We plotted the average peak responses across trials for each hemisphere (SI Appendix, Fig. S6 A and B). Each line connects the left and right hemisphere response within one mouse. We found that left A2 showed larger responses in response to 70 to 95 kHz tones (P = 0.040, n = 9, Wilcoxon rank-sum) and adult vocalizations (P = 0.045, n = 9, Wilcoxon rank-sum) at 50 dB. Computing the HRB based on sex showed that for adult vocalizations, the HRB is similar across both males (HRB: 0.21, SEM: 0.045) and females (HRB: 0.15, SEM: 0.050) at 50 dB and 65 dB (male ratio: 0.10, SEM: 0.050; female ratio: 0.12, SEM: 0.34) (Fig. 4A).

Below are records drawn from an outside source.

definition reduced_hilbert_solution :: "nat \<Rightarrow> nat \<Rightarrow> int \<Rightarrow> int \<Rightarrow> int \<times> int \<times> int \<Rightarrow> bool" where
  "reduced_hilbert_solution p n a r = (\<lambda>(X, Y, Z).
     X \<in> {0..<int p ^ n} \<and> Y \<in> {0..<int p ^ n} \<and> Z \<in> {0..<int p ^ n} \<and>
     (n \<ge> 1 \<longrightarrow> \<not> (int p dvd X \<and> int p dvd Y \<and> int p dvd Z)) \<and>
     [a * X^2 + r * Y^2 = Z^2] (mod int p ^ n))"

lemma reduced_hilbert_solution_reduce_mod:
  assumes p: "prime p" and "n \<le> m" and ab: "[a = b] (mod int p ^ n)"
    and prim: "m \<ge> 1 \<longrightarrow> \<not> (int p dvd X \<and> int p dvd Y \<and> int p dvd Z)"
    and sol: "[b * X^2 + r * Y^2 = Z^2] (mod int p ^ m)"
  shows "reduced_hilbert_solution p n a r (reduce_mod (int p ^ n) (X, Y, Z))"
proof -
  have "[a * (X mod int p ^ n)^2 + r * (Y mod int p ^ n)^2 = b * X^2 + r * Y^2] (mod int p ^ n)"
    by (intro cong_add cong_mult cong_pow ab cong_refl) simp_all
  also have "[b * X^2 + r * Y^2 = Z^2] (mod int p ^ n)"
    using sol \<open>n \<le> m\<close> by (metis cong_dvd_modulus le_imp_power_dvd)
  also have "[Z^2 = (Z mod int p ^ n)^2] (mod int p ^ n)" by (intro cong_pow) (simp add: cong_sym)
  finally have
    "[a * (X mod int p ^ n)^2 + r * (Y mod int p ^ n)^2 = (Z mod int p ^ n)^2] (mod int p ^ n)" .
  moreover have "int p ^ n > 0" using p prime_gt_0_nat by simp
  moreover have "n \<ge> 1 \<longrightarrow>
      \<not> (int p dvd X mod int p ^ n \<and> int p dvd Y mod int p ^ n \<and> int p dvd Z mod int p ^ n)"
    using prim \<open>n \<le> m\<close> by (auto simp: dvd_mod_iff dvd_power)
  ultimately show ?thesis by (simp add: reduced_hilbert_solution_def reduce_mod_def)
qed

lemma Zp_mod:
  assumes "Zp p a" "k \<le> n"
  shows "a n mod int p ^ k = a k"
  using assms(2)
proof (induction n rule: dec_induct)
  case base
  thus ?case using assms(1) unfolding Zp_def by simp
next
  case (step n)
  have "a (Suc n) mod int p ^ k = a (Suc n) mod int p ^ n mod int p ^ k"
    using step(1) by (simp add: mod_mod_cancel le_imp_power_dvd)
  thus ?case using assms(1) step(3) unfolding Zp_def by simp
qed

lemma Zp_cong:
  assumes "Zp p a" "k \<le> n"
  shows "[a n = a k] (mod int p ^ k)"
  using Zp_mod[OF assms] Zp_mod[OF assms(1) order_refl] unfolding cong_def by simp

lemma hilbert_trivial_p_if_solvable_mod:
  assumes p: "prime p"
    and compat: "\<And>n m. n \<le> m \<Longrightarrow> [f m = f n] (mod int p ^ n)"
    and solvable: "\<And>n. N \<le> n \<Longrightarrow> hilbert_solvable_mod (int p) n (f n) r"
  shows "hilbert_trivial_p p f r"
proof -
  let ?ok = "\<lambda>n. reduced_hilbert_solution p n (f n) r" and ?red = "\<lambda>n. reduce_mod (int p ^ n)"
  have "\<exists>S. \<forall>n. ?ok n (S n) \<and> ?red n (S (Suc n)) = S n"
  proof (rule ex_compatible_sequence)
    show "finite {s. ?ok n s}" for n
      by (rule finite_subset[of _ "{0..<int p ^ n} \<times> {0..<int p ^ n} \<times> {0..<int p ^ n}"])
        (auto simp: reduced_hilbert_solution_def)
    show "?ok n (?red n s)" if nm: "n \<le> m" and ok: "?ok m s" for n m s
    proof (cases s)
      case (fields X Y Z)
      show ?thesis unfolding fields
        by (rule reduced_hilbert_solution_reduce_mod[OF p nm compat[OF nm, THEN cong_sym]])
          (use ok fields in \<open>simp_all add: reduced_hilbert_solution_def\<close>)
    qed
    show "\<exists>s. ?ok n s" for n
    proof -
      obtain X Y Z where "\<not> (int p dvd X \<and> int p dvd Y \<and> int p dvd Z)"
        and "[f (max n N) * X^2 + r * Y^2 = Z^2] (mod int p ^ max n N)"
        using solvable[of "max n N"] unfolding hilbert_solvable_mod_def by auto
      thus ?thesis
        using reduced_hilbert_solution_reduce_mod[OF p max.cobounded1
            compat[OF max.cobounded1, THEN cong_sym]]
        by blast
    qed
    show "?red n (?red m s) = ?red n s" if "n \<le> m" for n m s
      using that by (cases s) (simp add: reduce_mod_def mod_mod_cancel le_imp_power_dvd)
  qed
  then obtain S where S: "\<And>n. ?ok n (S n)" "\<And>n. ?red n (S (Suc n)) = S n" by blast
  define X Y Z where "X n = fst (S n)" and "Y n = fst (snd (S n))" and "Z n = snd (snd (S n))" for n
  have ok: "?ok n (X n, Y n, Z n)"
    and red: "?red n (X (Suc n), Y (Suc n), Z (Suc n)) = (X n, Y n, Z n)"
    for n using S[of n] unfolding X_def Y_def Z_def by simp_all
  show ?thesis unfolding hilbert_trivial_p_def
  proof (intro exI conjI allI)
    show "Zp p X" "Zp p Y" "Zp p Z"
      using ok red by (auto simp: Zp_def reduced_hilbert_solution_def reduce_mod_def)
    show "\<not> (int p dvd X 1 \<and> int p dvd Y 1 \<and> int p dvd Z 1)"
      using ok[of 1] by (simp add: reduced_hilbert_solution_def)
    show "[f n * (X n)^2 + r * (Y n)^2 = (Z n)^2] (mod int p ^ n)" for n
      using ok[of n] by (simp add: reduced_hilbert_solution_def)
  qed
qed

lemma not_hilbert_trivial_p_if_not_solvable_mod:
  assumes "1 \<le> N" and unsolvable: "\<not> hilbert_solvable_mod (int p) N (f N) r"
  shows "\<not> hilbert_trivial_p p f r"
proof
  assume "hilbert_trivial_p p f r"
  then obtain X Y Z where Zp: "Zp p X" "Zp p Y" "Zp p Z"
    and prim: "\<not> (int p dvd X 1 \<and> int p dvd Y 1 \<and> int p dvd Z 1)"
    and sol: "[f N * (X N)^2 + r * (Y N)^2 = (Z N)^2] (mod int p ^ N)"
    unfolding hilbert_trivial_p_def by blast
  have "int p dvd W N \<longleftrightarrow> int p dvd W 1" if "Zp p W" for W
    using Zp_mod[OF that \<open>1 \<le> N\<close>] by (metis dvd_mod_iff dvd_refl power_one_right)
  hence "hilbert_solvable_mod (int p) N (f N) r"
    using Zp prim sol unfolding hilbert_solvable_mod_def by blast
  thus False using unsolvable by contradiction
qed

section \<open>Local invariants of B\<close>

abbreviation markoff_form :: "'a::comm_ring_1 \<Rightarrow> 'a \<Rightarrow> 'a \<Rightarrow> 'a" where
  "markoff_form x y z \<equiv> x^2 + y^2 + z^2 - x * y * z"

lemma markoff_form_mod_cong:
  fixes x y z m :: int
  shows "[markoff_form (x mod m) (y mod m) (z mod m) = markoff_form x y z] (mod m)"
  by (intro cong_add cong_diff cong_mult cong_pow) simp_all

lemma B_arg_p_cases:
  "B_arg_p p (x, y, z) \<in> {\<lambda>n. (x n)^2 - 4, \<lambda>n. (y n)^2 - 4, \<lambda>n. (z n)^2 - 4}"
  unfolding B_arg_p_def Let_def by auto

lemma inv_p_eq_0:
  assumes p: "prime p" and P: "U_Zp_point p r v P"
    and solvable: "\<And>n x y z. N \<le> n \<Longrightarrow> [markoff_form x y z = 4 + r * v^2] (mod int p ^ n) \<Longrightarrow>
        hilbert_solvable_mod (int p) n (x^2 - 4) r"
  shows "inv_p r p P = 0"
proof -
  obtain x y z where P_eq: "P = (x, y, z)" by (cases P)
  have Zp: "Zp p x" "Zp p y" "Zp p z"
    and E: "\<And>n. [markoff_form (x n) (y n) (z n) = 4 + r * v^2] (mod int p ^ n)"
    using P unfolding P_eq U_Zp_point_def by auto
  have trivial: "hilbert_trivial_p p (\<lambda>n. (t n)^2 - 4) r"
    if t: "Zp p t" and E_t: "\<And>n. \<exists>u w. [markoff_form (t n) u w = 4 + r * v^2] (mod int p ^ n)" for t
  proof (rule hilbert_trivial_p_if_solvable_mod[OF p, of _ N])
    show "[(t m)^2 - 4 = (t n)^2 - 4] (mod int p ^ n)" if "n \<le> m" for n m
      using Zp_cong[OF t that] by (intro cong_diff cong_pow cong_refl)
    show "hilbert_solvable_mod (int p) n ((t n)^2 - 4) r" if "N \<le> n" for n
      using E_t[of n] solvable[OF that] by blast
  qed
  have E_yxz: "[markoff_form (y n) (x n) (z n) = 4 + r * v^2] (mod int p ^ n)"
    and E_zyx: "[markoff_form (z n) (y n) (x n) = 4 + r * v^2] (mod int p ^ n)" for n
    using E[of n] by (simp_all add: algebra_simps)
  have "hilbert_trivial_p p (\<lambda>n. (x n)^2 - 4) r" by (rule trivial[OF Zp(1)]) (use E in blast)
  moreover have "hilbert_trivial_p p (\<lambda>n. (y n)^2 - 4) r"
    by (rule trivial[OF Zp(2)]) (use E_yxz in blast)
  moreover have "hilbert_trivial_p p (\<lambda>n. (z n)^2 - 4) r"
    by (rule trivial[OF Zp(3)]) (use E_zyx in blast)
  ultimately show ?thesis using B_arg_p_cases[of p x y z] unfolding inv_p_def P_eq by auto
qed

However, only females show significant left hemisphere response bias to adult pain calls at 65 dB (P = 0.007, n = 4, one-sample t test) with an HRB of 0.14 ± 0.021, which is similar to that of adult vocalizations. Female responses to vocalizations and adult pain calls only show a left hemisphere bias in A2 at 65 dB, whereas male responses show bias to vocalizations at 50 dB (Fig. 4A). Thus, A2 shows a sex-specific HRB for vocalizations.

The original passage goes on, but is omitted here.